#### [Work to be completed]
Where the word "csubspace" occurs in a line of the data, return the whole line.

Items listed in a dataset:
━━━

(* Let $\pi_0$ be an irreducible representation of $\mathrm{SO}(V)$ (if $d$ is even, assume $\mathrm{char}\,\mathcal C\ne2$). Then $$\Gamma(\pi_0,\chi)=\chi(-2)^{-d}\,j(\pi_0,\chi)\cdot\begin{cases}\omega_{\pi_0}(-1)&d\text{ even},\\1&d\text{ odd},\end{cases}$$ where $j(\pi_0,\chi)\,\mathrm{id}_{\pi_0}=|\mathfrak g|^{-1/2}\sum_{g\in\mathrm{SO}(V),\,\det(\mathrm{id}+g)\ne0}\chi(\det(\mathrm{id}_V+g))\pi_0(g)$.
   Context: Let $\mathbb F$ be a finite field of odd cardinality $q$ and $\mathcal C$ an algebraically closed field of characteristic not dividing $q$ with fixed $\sqrt q$. Let $(V,\langle\cdot,\cdot\rangle)$ be a nondegenerate symmetric bilinear space over $\mathbb F$ of dimension $d$, $G(V)=\mathrm O(V)$, $\mathrm{SO}(V)=\{g\in\mathrm O(V):\det g=1\}$, $\mathfrak g$ the Lie algebra of $\mathrm O(V)$, $\chi:\mathbb F^\times\to\mathcal C^\times$ a character. For an irreducible representation $\pi$ of $\mathrm O(V)$, $\Gamma(\pi,\chi)$ is defined as follows. Doubling: $V^\square=V^+\oplus V^-$ with form $\langle v_1,v_2\rangle-\langle w_1,w_2\rangle$ on $v_1^++w_1^-,v_2^++w_2^-$; $V^\Delta=\{v^++v^-\}$; $\iota(g_1,g_2)(v^++w^-)=(g_1v)^++(g_2w)^-$; $P_V$ the stabilizer of $V^\Delta$ in $\mathrm O(V^\square)$, $N_V$ its unipotent radical, $w_V=\iota(\mathrm{id},-\mathrm{id})$; $I_V(\mu)=\{f:f(pg)=\mu(\det(p|_{V^\Delta}))f(g),\,p\in P_V\}$; $(M_V(\chi)f)(g)=|\mathfrak g|^{-1/2}\sum_{u\in N_V}f(w_Vug)$ maps $I_V(\chi)\to I_V(\chi^{-1})$; $Z_{V,\mu,\pi}(f)=\sum_{g\in\mathrm O(V)}f(\iota(g,\mathrm{id}))\pi(g)$; $f_{0,V}\in I_V(\chi)$ is supported on $P_V$ with $f_{0,V}(\mathrm{id})=1$; and $\Gamma(\pi,\chi)\,\mathrm{id}_\pi=Z_{V,\chi^{-1},\pi}(M_V(\chi)f_{0,V})$. Extension to $\mathrm{SO}(V)$: if $d$ is odd, $\Gamma(\pi_0,\chi):=\Gamma(\pi_0^+,\chi)$ where $\pi_0^+$ is the extension of $\pi_0$ to $\mathrm O(V)=\{\pm\mathrm{id}\}\times\mathrm{SO}(V)$ with $\pi_0^+(-\mathrm{id})=\mathrm{id}$. If $d$ is even: if $\pi_0$ extends to an irreducible representation $\pi_0'$ of $\mathrm O(V)$, $\Gamma(\pi_0,\chi):=\Gamma(\pi_0',\chi)$ (independent of the extension); otherwise $\Gamma(\pi_0,\chi):=\Gamma(\mathrm{Ind}_{\mathrm{SO}(V)}^{\mathrm O(V)}\pi_0,\chi)$ (this induced representation is irreducible). $\omega_{\pi_0}$ is the central character of $\pi_0$. *)

theory Defs
  imports "HOL-Analysis.Analysis" "HOL-Computational_Algebra.Polynomial"
begin

definition orth_group :: "'f::field^'n::finite^'n \<Rightarrow> ('f^'n^'n) set" where
  "orth_group B = {g. transpose g ** B ** g = B}"

definition sorth_group :: "'f::field^'n::finite^'n \<Rightarrow> ('f^'n^'n) set" where
  "sorth_group B = {g \<in> orth_group B. det g = 1}"

definition lie_orth :: "'f::field^'n::finite^'n \<Rightarrow> ('f^'n^'n) set" where
  "lie_orth B = {X. transpose X ** B + B ** X = 0}"

(* |g|^(1/2), computed with the fixed square root sq of q: |g| = q^k, |g|^(1/2) = sq^k *)
definition lie_sqrt_card :: "'f::{finite,field}^'n::finite^'n \<Rightarrow> 'c::field \<Rightarrow> 'c" where
  "lie_sqrt_card B sq = sq ^ (THE k. card (lie_orth B) = CARD('f) ^ k)"

(* ---------- Doubling V^sq = V^+ \<oplus> V^-, coordinates indexed by 'n + 'n ---------- *)

definition dbl_form :: "'f::field^'n::finite^'n \<Rightarrow> 'f^('n+'n)^('n+'n)" where
  "dbl_form B = (\<chi> a b. case (a, b) of
       (Inl i, Inl j) \<Rightarrow> B $ i $ j
     | (Inr i, Inr j) \<Rightarrow> - (B $ i $ j)
     | _ \<Rightarrow> 0)"

definition iota :: "'f::field^'n::finite^'n \<Rightarrow> 'f^'n^'n \<Rightarrow> 'f^('n+'n)^('n+'n)" where
  "iota g1 g2 = (\<chi> a b. case (a, b) of
       (Inl i, Inl j) \<Rightarrow> g1 $ i $ j
     | (Inr i, Inr j) \<Rightarrow> g2 $ i $ j
     | _ \<Rightarrow> 0)"

definition diag_emb :: "'f::field^'n::finite \<Rightarrow> 'f^('n+'n)" where
  "diag_emb v = (\<chi> a. case a of Inl i \<Rightarrow> v $ i | Inr i \<Rightarrow> v $ i)"

definition V_Delta :: "('f::field^('n::finite+'n)) set" where
  "V_Delta = range diag_emb"

definition P_V :: "'f::field^'n::finite^'n \<Rightarrow> ('f^('n+'n)^('n+'n)) set" where
  "P_V B = {p \<in> orth_group (dbl_form B). \<forall>v. p *v diag_emb v \<in> V_Delta}"

(* unipotent radical of the stabiliser of the Lagrangian V^Delta: elements acting
   trivially on V^Delta and on V^sq / V^Delta *)
definition N_V :: "'f::field^'n::finite^'n \<Rightarrow> ('f^('n+'n)^('n+'n)) set" where
  "N_V B = {p \<in> P_V B. (\<forall>v. p *v diag_emb v = diag_emb v) \<and> (\<forall>x. p *v x - x \<in> V_Delta)}"

definition w_V :: "('f::field^('n::finite+'n)^('n+'n))" where
  "w_V = iota (mat 1) (mat (-1))"

(* matrix of p|_{V^Delta} w.r.t. the identification V \<cong> V^Delta, v \<mapsto> v^+ + v^- *)
definition restr_Delta :: "'f::field^('n::finite+'n)^('n+'n) \<Rightarrow> 'f^'n^'n" where
  "restr_Delta p = (\<chi> i j. (p *v diag_emb (axis j 1)) $ Inl i)"

definition det_Delta :: "'f::field^('n::finite+'n)^('n+'n) \<Rightarrow> 'f" where
  "det_Delta p = det (restr_Delta p)"

definition f0_V :: "'f::field^'n::finite^'n \<Rightarrow> ('f \<Rightarrow> 'c::field) \<Rightarrow> 'f^('n+'n)^('n+'n) \<Rightarrow> 'c" where
  "f0_V B chi g = (if g \<in> P_V B then chi (det_Delta g) else 0)"

definition M_V :: "'f::{finite,field}^'n::finite^'n \<Rightarrow> 'c::field \<Rightarrow>
    ('f^('n+'n)^('n+'n) \<Rightarrow> 'c) \<Rightarrow> 'f^('n+'n)^('n+'n) \<Rightarrow> 'c" where
  "M_V B sq f g = inverse (lie_sqrt_card B sq) * (\<Sum>u\<in>N_V B. f (w_V ** u ** g))"

(* ---------- Representations over 'c, realised on a subspace W of 'x \<Rightarrow> 'c ---------- *)

definition csubspace :: "('x \<Rightarrow> 'c::field) set \<Rightarrow> bool" where
  "csubspace W \<longleftrightarrow> (\<lambda>_. 0) \<in> W \<and> (\<forall>f\<in>W. \<forall>h\<in>W. (\<lambda>x. f x + h x) \<in> W)
     \<and> (\<forall>c. \<forall>f\<in>W. (\<lambda>x. c * f x) \<in> W)"

definition is_rep :: "('f::field^'n::finite^'n) set \<Rightarrow> ('x \<Rightarrow> 'c::field) set
    \<Rightarrow> ('f^'n^'n \<Rightarrow> ('x \<Rightarrow> 'c) \<Rightarrow> ('x \<Rightarrow> 'c)) \<Rightarrow> bool" where
  "is_rep G W \<rho> \<longleftrightarrow> csubspace W
     \<and> (\<forall>g\<in>G. \<forall>f\<in>W. \<rho> g f \<in> W)
     \<and> (\<forall>g\<in>G. \<forall>f\<in>W. \<forall>h\<in>W. \<rho> g (\<lambda>x. f x + h x) = (\<lambda>x. \<rho> g f x + \<rho> g h x))
     \<and> (\<forall>g\<in>G. \<forall>c. \<forall>f\<in>W. \<rho> g (\<lambda>x. c * f x) = (\<lambda>x. c * \<rho> g f x))
     \<and> (\<forall>f\<in>W. \<rho> (mat 1) f = f)
     \<and> (\<forall>g\<in>G. \<forall>h\<in>G. \<forall>f\<in>W. \<rho> (g ** h) f = \<rho> g (\<rho> h f))"

definition irred_rep :: "('f::field^'n::finite^'n) set \<Rightarrow> ('x \<Rightarrow> 'c::field) set
    \<Rightarrow> ('f^'n^'n \<Rightarrow> ('x \<Rightarrow> 'c) \<Rightarrow> ('x \<Rightarrow> 'c)) \<Rightarrow> bool" where
  "irred_rep G W \<rho> \<longleftrightarrow> is_rep G W \<rho> \<and> W \<noteq> {\<lambda>_. 0}
     \<and> (\<forall>U. csubspace U \<and> U \<subseteq> W \<and> (\<forall>g\<in>G. \<forall>f\<in>U. \<rho> g f \<in> U)
            \<longrightarrow> U = {\<lambda>_. 0} \<or> U = W)"

definition scalar_of :: "('x \<Rightarrow> 'c::field) set \<Rightarrow> (('x \<Rightarrow> 'c) \<Rightarrow> ('x \<Rightarrow> 'c)) \<Rightarrow> 'c" where
  "scalar_of W T = (THE c. \<forall>f\<in>W. T f = (\<lambda>x. c * f x))"

definition central_char :: "('x \<Rightarrow> 'c::field) set \<Rightarrow> ('f::field^'n::finite^'n \<Rightarrow> ('x \<Rightarrow> 'c) \<Rightarrow> ('x \<Rightarrow> 'c))
    \<Rightarrow> 'f^'n^'n \<Rightarrow> 'c" where
  "central_char W \<rho> z = scalar_of W (\<rho> z)"

definition Z_V :: "'f::field^'n::finite^'n \<Rightarrow> ('f^'n^'n \<Rightarrow> ('x \<Rightarrow> 'c::field) \<Rightarrow> ('x \<Rightarrow> 'c))
    \<Rightarrow> ('f^('n+'n)^('n+'n) \<Rightarrow> 'c) \<Rightarrow> ('x \<Rightarrow> 'c) \<Rightarrow> ('x \<Rightarrow> 'c)" where
  "Z_V B \<rho> f \<phi> = (\<lambda>x. \<Sum>g\<in>orth_group B. f (iota g (mat 1)) * \<rho> g \<phi> x)"

definition Gamma_O :: "'f::{finite,field}^'n::finite^'n \<Rightarrow> 'c::field \<Rightarrow> ('f \<Rightarrow> 'c)
    \<Rightarrow> ('x \<Rightarrow> 'c) set \<Rightarrow> ('f^'n^'n \<Rightarrow> ('x \<Rightarrow> 'c) \<Rightarrow> ('x \<Rightarrow> 'c)) \<Rightarrow> 'c" where
  "Gamma_O B sq chi W \<rho> = scalar_of W (Z_V B \<rho> (M_V B sq (f0_V B chi)))"

(* Ind_{SO(V)}^{O(V)} pi_0, realised on functions O(V) \<times> 'x \<Rightarrow> 'c *)
definition ind_space :: "'f::field^'n::finite^'n \<Rightarrow> ('x \<Rightarrow> 'c::field) set
    \<Rightarrow> ('f^'n^'n \<Rightarrow> ('x \<Rightarrow> 'c) \<Rightarrow> ('x \<Rightarrow> 'c)) \<Rightarrow> ((('f^'n^'n) \<times> 'x) \<Rightarrow> 'c) set" where
  "ind_space B W \<rho> = {F. (\<forall>g\<in>orth_group B. (\<lambda>x. F (g, x)) \<in> W)
      \<and> (\<forall>g. g \<notin> orth_group B \<longrightarrow> (\<lambda>x. F (g, x)) = (\<lambda>_. 0))
      \<and> (\<forall>h\<in>sorth_group B. \<forall>g\<in>orth_group B. (\<lambda>x. F (h ** g, x)) = \<rho> h (\<lambda>x. F (g, x)))}"

definition ind_act :: "'f::field^'n::finite^'n \<Rightarrow> 'f^'n^'n \<Rightarrow> ((('f^'n^'n) \<times> 'x) \<Rightarrow> 'c::field)
    \<Rightarrow> ((('f^'n^'n) \<times> 'x) \<Rightarrow> 'c)" where
  "ind_act B g F = (\<lambda>(g', x). if g' \<in> orth_group B then F (g' ** g, x) else 0)"

definition Gamma_SO :: "'f::{finite,field}^'n::finite^'n \<Rightarrow> 'c::field \<Rightarrow> ('f \<Rightarrow> 'c)
    \<Rightarrow> ('x \<Rightarrow> 'c) set \<Rightarrow> ('f^'n^'n \<Rightarrow> ('x \<Rightarrow> 'c) \<Rightarrow> ('x \<Rightarrow> 'c)) \<Rightarrow> 'c" where
  "Gamma_SO B sq chi W \<rho> =
    (if odd CARD('n) then
       Gamma_O B sq chi W (SOME \<rho>'. is_rep (orth_group B) W \<rho>'
          \<and> (\<forall>g\<in>sorth_group B. \<forall>f\<in>W. \<rho>' g f = \<rho> g f)
          \<and> (\<forall>f\<in>W. \<rho>' (mat (-1)) f = f))
     else if (\<exists>\<rho>'. irred_rep (orth_group B) W \<rho>' \<and> (\<forall>g\<in>sorth_group B. \<forall>f\<in>W. \<rho>' g f = \<rho> g f)) then
       Gamma_O B sq chi W (SOME \<rho>'. irred_rep (orth_group B) W \<rho>'
          \<and> (\<forall>g\<in>sorth_group B. \<forall>f\<in>W. \<rho>' g f = \<rho> g f))
     else Gamma_O B sq chi (ind_space B W \<rho>) (ind_act B))"

definition j_factor :: "'f::{finite,field}^'n::finite^'n \<Rightarrow> 'c::field \<Rightarrow> ('f \<Rightarrow> 'c)
    \<Rightarrow> ('x \<Rightarrow> 'c) set \<Rightarrow> ('f^'n^'n \<Rightarrow> ('x \<Rightarrow> 'c) \<Rightarrow> ('x \<Rightarrow> 'c)) \<Rightarrow> 'c" where
  "j_factor B sq chi W \<rho> = scalar_of W (\<lambda>\<phi> x. inverse (lie_sqrt_card B sq) *
      (\<Sum>g\<in>{g\<in>sorth_group B. det (mat 1 + g) \<noteq> 0}. chi (det (mat 1 + g)) * \<rho> g \<phi> x))"

end

theory Submission
  imports Defs "HOL-Library.Function_Algebras"
begin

━━━

#### [Task output]
definition csubspace :: "('x \<Rightarrow> 'c::field) set \<Rightarrow> bool" where
  "csubspace W \<longleftrightarrow> (\<lambda>_. 0) \<in> W \<and> (\<forall>f\<in>W. \<forall>h\<in>W. (\<lambda>x. f x + h x) \<in> W)
  "is_rep G W \<rho> \<longleftrightarrow> csubspace W
     \<and> (\<forall>U. csubspace U \<and> U \<subseteq> W \<and> (\<forall>g\<in>G. \<forall>f\<in>U. \<rho> g f \<in> U)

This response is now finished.